▶ _ABOUT THIS EXERCISE_: Work through the data and say how many lines contain "sets". The number alone is the answer.

▶ _STUDY MATERIAL_:

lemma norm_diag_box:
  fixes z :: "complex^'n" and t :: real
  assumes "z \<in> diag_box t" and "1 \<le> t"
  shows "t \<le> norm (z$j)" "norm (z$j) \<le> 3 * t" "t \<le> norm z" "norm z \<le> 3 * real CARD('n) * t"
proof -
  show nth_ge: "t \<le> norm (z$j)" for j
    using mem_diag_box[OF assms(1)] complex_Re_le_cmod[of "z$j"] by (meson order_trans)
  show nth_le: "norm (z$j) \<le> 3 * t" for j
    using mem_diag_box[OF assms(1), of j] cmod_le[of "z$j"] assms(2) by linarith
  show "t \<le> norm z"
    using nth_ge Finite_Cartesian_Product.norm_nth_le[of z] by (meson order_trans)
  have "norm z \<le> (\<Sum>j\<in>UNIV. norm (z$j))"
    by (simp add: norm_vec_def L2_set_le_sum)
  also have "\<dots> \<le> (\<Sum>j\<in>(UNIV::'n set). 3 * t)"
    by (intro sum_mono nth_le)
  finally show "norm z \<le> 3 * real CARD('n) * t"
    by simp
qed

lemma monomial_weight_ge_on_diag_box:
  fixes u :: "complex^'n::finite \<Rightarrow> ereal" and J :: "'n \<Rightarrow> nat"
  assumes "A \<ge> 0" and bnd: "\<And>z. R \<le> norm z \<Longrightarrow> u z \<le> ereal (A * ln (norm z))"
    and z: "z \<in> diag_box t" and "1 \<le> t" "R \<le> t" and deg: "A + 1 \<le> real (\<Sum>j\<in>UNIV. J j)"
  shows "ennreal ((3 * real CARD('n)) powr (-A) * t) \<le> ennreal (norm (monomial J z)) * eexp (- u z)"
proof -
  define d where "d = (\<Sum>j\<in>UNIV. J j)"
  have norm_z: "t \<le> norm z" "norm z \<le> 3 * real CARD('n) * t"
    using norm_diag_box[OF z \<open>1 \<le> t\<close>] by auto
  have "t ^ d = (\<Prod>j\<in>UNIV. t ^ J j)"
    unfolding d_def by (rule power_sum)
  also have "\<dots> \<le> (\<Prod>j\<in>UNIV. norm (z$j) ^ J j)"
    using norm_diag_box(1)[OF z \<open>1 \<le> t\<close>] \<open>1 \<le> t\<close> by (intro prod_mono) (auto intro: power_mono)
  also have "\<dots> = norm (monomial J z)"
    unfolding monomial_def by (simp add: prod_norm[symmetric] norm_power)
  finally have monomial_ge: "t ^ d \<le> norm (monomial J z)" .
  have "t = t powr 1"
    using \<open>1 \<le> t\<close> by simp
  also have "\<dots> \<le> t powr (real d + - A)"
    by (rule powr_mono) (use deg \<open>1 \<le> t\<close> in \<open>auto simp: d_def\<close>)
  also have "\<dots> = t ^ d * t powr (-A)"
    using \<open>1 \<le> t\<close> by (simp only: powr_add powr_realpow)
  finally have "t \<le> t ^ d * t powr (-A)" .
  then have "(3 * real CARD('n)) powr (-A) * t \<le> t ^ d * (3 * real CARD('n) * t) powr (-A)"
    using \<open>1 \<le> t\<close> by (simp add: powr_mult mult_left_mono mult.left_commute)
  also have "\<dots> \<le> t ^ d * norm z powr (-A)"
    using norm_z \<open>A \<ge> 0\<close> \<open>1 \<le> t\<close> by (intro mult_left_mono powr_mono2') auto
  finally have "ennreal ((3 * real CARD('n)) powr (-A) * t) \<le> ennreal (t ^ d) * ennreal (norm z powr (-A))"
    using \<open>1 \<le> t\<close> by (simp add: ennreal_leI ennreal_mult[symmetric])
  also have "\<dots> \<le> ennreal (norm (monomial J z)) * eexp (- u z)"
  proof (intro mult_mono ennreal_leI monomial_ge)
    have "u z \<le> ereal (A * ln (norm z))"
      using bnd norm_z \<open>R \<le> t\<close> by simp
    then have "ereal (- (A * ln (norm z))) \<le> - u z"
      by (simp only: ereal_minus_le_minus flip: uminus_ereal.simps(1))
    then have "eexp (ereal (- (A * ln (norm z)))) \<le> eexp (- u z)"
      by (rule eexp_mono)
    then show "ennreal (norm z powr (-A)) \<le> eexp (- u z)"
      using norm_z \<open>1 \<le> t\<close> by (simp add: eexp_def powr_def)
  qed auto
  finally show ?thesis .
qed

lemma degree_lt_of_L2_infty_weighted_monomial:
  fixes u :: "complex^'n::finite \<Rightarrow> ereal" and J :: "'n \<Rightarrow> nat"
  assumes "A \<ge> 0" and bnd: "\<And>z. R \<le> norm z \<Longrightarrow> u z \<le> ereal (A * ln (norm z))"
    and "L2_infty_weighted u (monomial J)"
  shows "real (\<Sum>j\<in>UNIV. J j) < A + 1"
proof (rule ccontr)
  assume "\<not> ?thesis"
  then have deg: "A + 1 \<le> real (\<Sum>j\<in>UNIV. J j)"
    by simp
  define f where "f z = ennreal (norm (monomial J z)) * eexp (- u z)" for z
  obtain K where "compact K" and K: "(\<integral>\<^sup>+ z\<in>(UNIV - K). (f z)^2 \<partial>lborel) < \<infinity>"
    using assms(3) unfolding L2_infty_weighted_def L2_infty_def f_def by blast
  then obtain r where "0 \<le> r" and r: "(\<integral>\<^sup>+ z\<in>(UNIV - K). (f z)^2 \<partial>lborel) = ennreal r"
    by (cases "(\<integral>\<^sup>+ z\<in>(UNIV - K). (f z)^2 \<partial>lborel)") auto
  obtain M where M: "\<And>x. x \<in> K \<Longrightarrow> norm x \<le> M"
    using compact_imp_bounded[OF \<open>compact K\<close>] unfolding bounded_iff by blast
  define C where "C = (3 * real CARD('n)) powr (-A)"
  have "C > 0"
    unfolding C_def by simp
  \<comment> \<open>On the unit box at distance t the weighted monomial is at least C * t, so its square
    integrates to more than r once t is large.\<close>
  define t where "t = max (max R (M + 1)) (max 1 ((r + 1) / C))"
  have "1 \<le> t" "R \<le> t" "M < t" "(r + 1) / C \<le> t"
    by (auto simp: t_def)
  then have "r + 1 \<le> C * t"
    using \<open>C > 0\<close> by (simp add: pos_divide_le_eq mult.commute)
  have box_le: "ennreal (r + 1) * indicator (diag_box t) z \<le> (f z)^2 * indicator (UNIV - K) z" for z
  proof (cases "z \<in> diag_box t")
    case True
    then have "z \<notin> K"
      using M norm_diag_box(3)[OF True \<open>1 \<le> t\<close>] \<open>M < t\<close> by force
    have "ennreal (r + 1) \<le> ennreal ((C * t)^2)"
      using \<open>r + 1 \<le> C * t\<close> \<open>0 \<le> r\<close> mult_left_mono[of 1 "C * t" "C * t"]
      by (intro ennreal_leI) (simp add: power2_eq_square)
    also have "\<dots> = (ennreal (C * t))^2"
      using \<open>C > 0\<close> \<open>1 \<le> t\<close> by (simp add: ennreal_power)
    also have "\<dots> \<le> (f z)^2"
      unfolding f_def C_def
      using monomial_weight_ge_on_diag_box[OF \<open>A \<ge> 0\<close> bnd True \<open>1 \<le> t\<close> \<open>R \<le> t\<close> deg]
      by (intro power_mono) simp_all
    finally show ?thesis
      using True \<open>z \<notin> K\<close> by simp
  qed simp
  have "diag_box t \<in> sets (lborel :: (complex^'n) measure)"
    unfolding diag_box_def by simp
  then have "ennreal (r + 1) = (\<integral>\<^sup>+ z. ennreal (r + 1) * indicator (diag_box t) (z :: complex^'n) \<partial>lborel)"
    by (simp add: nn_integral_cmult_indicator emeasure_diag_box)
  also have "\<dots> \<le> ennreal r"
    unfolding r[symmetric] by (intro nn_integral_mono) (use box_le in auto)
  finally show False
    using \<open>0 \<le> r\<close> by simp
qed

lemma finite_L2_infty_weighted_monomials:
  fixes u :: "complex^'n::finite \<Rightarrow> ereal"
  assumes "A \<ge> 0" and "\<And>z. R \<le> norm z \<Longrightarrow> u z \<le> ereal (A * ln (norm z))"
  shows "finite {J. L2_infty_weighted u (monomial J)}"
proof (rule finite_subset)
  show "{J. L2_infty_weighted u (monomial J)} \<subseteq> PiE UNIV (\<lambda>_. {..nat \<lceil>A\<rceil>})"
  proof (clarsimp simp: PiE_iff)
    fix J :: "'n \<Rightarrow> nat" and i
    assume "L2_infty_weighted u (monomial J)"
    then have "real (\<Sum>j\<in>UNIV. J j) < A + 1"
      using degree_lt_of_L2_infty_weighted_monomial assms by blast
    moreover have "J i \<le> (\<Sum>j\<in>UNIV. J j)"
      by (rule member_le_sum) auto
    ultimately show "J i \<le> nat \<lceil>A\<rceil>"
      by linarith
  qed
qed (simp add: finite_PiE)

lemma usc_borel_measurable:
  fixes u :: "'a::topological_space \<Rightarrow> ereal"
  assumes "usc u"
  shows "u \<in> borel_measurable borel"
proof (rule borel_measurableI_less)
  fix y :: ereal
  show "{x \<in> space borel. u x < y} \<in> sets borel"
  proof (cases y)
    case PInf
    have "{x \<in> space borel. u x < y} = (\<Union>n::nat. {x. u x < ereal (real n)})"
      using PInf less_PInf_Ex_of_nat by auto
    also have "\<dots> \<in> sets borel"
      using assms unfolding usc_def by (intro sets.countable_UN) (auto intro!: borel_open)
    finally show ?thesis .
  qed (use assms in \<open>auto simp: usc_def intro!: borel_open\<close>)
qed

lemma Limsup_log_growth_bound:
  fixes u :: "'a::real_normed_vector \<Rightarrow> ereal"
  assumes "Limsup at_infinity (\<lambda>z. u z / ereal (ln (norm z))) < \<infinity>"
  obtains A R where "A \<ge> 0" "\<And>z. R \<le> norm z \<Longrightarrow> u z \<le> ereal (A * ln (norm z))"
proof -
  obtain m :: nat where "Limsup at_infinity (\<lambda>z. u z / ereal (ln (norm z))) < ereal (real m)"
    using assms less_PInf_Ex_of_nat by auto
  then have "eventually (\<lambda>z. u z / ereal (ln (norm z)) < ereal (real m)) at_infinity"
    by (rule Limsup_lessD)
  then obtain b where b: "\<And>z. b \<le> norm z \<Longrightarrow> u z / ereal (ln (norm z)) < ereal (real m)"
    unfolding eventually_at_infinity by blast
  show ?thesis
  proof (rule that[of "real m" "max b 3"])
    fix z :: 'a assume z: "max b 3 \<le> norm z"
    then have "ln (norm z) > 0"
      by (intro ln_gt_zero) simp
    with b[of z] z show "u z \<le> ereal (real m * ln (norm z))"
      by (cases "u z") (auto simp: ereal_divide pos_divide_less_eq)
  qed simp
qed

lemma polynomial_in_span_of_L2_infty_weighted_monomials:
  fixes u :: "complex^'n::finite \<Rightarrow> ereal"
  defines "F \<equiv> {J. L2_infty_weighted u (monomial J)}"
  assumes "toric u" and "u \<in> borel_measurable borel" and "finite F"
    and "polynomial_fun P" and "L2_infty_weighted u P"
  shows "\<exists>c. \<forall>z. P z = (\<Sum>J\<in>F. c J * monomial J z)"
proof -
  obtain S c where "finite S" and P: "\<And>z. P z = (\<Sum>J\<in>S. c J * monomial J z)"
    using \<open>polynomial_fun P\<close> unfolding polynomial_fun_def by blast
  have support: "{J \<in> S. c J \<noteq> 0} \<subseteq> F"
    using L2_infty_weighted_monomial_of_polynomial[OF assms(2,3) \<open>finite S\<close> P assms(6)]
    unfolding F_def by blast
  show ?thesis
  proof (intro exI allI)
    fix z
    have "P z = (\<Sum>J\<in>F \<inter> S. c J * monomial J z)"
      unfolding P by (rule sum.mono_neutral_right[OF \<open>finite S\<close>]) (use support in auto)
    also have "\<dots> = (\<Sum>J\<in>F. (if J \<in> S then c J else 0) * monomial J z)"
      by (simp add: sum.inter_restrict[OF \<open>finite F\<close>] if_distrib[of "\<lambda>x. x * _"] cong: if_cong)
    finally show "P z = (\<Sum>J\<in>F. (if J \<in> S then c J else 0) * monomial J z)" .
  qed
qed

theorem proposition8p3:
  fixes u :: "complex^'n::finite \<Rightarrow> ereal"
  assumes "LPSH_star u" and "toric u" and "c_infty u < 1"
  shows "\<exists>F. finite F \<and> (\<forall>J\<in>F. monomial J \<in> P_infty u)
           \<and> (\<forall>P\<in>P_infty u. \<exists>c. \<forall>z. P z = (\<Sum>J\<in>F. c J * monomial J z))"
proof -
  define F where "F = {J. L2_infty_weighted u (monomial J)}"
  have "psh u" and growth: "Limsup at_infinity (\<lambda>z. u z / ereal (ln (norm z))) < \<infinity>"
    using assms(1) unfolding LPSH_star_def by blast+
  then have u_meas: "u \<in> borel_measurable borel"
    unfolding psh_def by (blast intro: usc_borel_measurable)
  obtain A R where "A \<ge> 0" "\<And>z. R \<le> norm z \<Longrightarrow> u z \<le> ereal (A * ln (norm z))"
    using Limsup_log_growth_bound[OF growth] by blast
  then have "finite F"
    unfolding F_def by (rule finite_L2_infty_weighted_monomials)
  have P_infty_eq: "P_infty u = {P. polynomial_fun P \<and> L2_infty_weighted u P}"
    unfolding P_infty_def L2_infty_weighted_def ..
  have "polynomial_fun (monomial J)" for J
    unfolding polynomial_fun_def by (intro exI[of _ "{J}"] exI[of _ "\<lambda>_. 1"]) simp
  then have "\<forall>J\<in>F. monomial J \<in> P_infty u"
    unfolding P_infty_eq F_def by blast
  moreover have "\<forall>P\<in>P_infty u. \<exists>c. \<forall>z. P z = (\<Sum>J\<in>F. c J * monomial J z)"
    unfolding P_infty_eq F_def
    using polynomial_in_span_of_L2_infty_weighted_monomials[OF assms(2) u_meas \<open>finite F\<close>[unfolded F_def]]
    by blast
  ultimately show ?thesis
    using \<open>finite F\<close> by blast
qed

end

* * *

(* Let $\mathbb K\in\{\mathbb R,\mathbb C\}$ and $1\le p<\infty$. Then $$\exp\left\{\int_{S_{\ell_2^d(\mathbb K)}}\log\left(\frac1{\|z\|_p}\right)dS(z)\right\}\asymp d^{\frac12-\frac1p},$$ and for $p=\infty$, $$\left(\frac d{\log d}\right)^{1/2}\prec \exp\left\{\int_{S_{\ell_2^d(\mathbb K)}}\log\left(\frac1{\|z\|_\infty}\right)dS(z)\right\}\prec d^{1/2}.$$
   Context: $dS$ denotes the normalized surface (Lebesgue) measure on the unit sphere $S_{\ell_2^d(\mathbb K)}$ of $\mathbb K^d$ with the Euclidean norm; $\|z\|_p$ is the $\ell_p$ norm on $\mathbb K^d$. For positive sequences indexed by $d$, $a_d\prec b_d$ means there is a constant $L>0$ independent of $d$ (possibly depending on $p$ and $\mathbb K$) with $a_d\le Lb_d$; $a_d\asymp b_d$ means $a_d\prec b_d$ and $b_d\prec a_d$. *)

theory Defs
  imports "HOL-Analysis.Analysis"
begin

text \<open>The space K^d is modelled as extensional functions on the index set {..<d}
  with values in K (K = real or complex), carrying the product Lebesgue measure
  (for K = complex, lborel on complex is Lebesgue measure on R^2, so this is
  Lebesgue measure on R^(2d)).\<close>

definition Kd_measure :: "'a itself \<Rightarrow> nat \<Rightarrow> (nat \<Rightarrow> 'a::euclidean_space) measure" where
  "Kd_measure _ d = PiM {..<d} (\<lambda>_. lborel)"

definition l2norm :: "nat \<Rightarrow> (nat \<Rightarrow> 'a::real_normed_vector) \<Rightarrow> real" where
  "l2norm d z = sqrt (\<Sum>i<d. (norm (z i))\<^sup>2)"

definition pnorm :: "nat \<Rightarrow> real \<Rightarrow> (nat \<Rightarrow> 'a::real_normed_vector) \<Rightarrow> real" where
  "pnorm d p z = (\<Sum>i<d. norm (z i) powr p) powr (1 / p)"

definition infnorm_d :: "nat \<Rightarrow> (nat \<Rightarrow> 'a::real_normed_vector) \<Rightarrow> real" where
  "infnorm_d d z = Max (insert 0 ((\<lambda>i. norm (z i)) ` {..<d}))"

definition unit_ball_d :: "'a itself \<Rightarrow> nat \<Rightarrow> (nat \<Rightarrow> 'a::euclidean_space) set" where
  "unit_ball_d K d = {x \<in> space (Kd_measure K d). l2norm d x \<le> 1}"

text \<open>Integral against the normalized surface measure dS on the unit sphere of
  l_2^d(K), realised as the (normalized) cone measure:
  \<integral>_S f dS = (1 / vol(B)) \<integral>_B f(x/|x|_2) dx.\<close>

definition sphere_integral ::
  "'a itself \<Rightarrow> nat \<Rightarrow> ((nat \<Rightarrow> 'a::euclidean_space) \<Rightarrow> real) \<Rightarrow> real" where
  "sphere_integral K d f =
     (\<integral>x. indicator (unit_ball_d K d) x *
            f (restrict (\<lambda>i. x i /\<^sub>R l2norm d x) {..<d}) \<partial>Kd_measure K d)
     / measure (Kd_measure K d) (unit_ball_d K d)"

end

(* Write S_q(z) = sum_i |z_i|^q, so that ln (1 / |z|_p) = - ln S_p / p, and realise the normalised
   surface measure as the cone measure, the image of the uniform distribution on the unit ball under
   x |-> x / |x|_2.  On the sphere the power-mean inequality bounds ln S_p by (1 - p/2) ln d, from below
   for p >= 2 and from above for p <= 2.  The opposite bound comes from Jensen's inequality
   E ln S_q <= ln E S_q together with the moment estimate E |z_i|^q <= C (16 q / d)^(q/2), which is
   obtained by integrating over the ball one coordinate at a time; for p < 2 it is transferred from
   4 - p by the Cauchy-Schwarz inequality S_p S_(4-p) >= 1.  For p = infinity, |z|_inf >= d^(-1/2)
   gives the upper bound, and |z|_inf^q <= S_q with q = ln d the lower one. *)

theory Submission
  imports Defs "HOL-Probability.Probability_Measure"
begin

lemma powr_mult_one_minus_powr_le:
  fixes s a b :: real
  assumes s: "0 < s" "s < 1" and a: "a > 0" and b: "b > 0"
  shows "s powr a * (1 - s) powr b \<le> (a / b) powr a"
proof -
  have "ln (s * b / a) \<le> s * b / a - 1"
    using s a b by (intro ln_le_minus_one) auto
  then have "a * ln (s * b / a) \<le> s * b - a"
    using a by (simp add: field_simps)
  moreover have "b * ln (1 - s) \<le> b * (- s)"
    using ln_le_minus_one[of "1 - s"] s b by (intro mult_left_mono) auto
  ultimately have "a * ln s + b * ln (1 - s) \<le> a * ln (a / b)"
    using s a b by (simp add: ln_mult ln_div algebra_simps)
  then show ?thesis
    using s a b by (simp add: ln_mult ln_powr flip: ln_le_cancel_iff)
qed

▶ _RESPONSE_: 4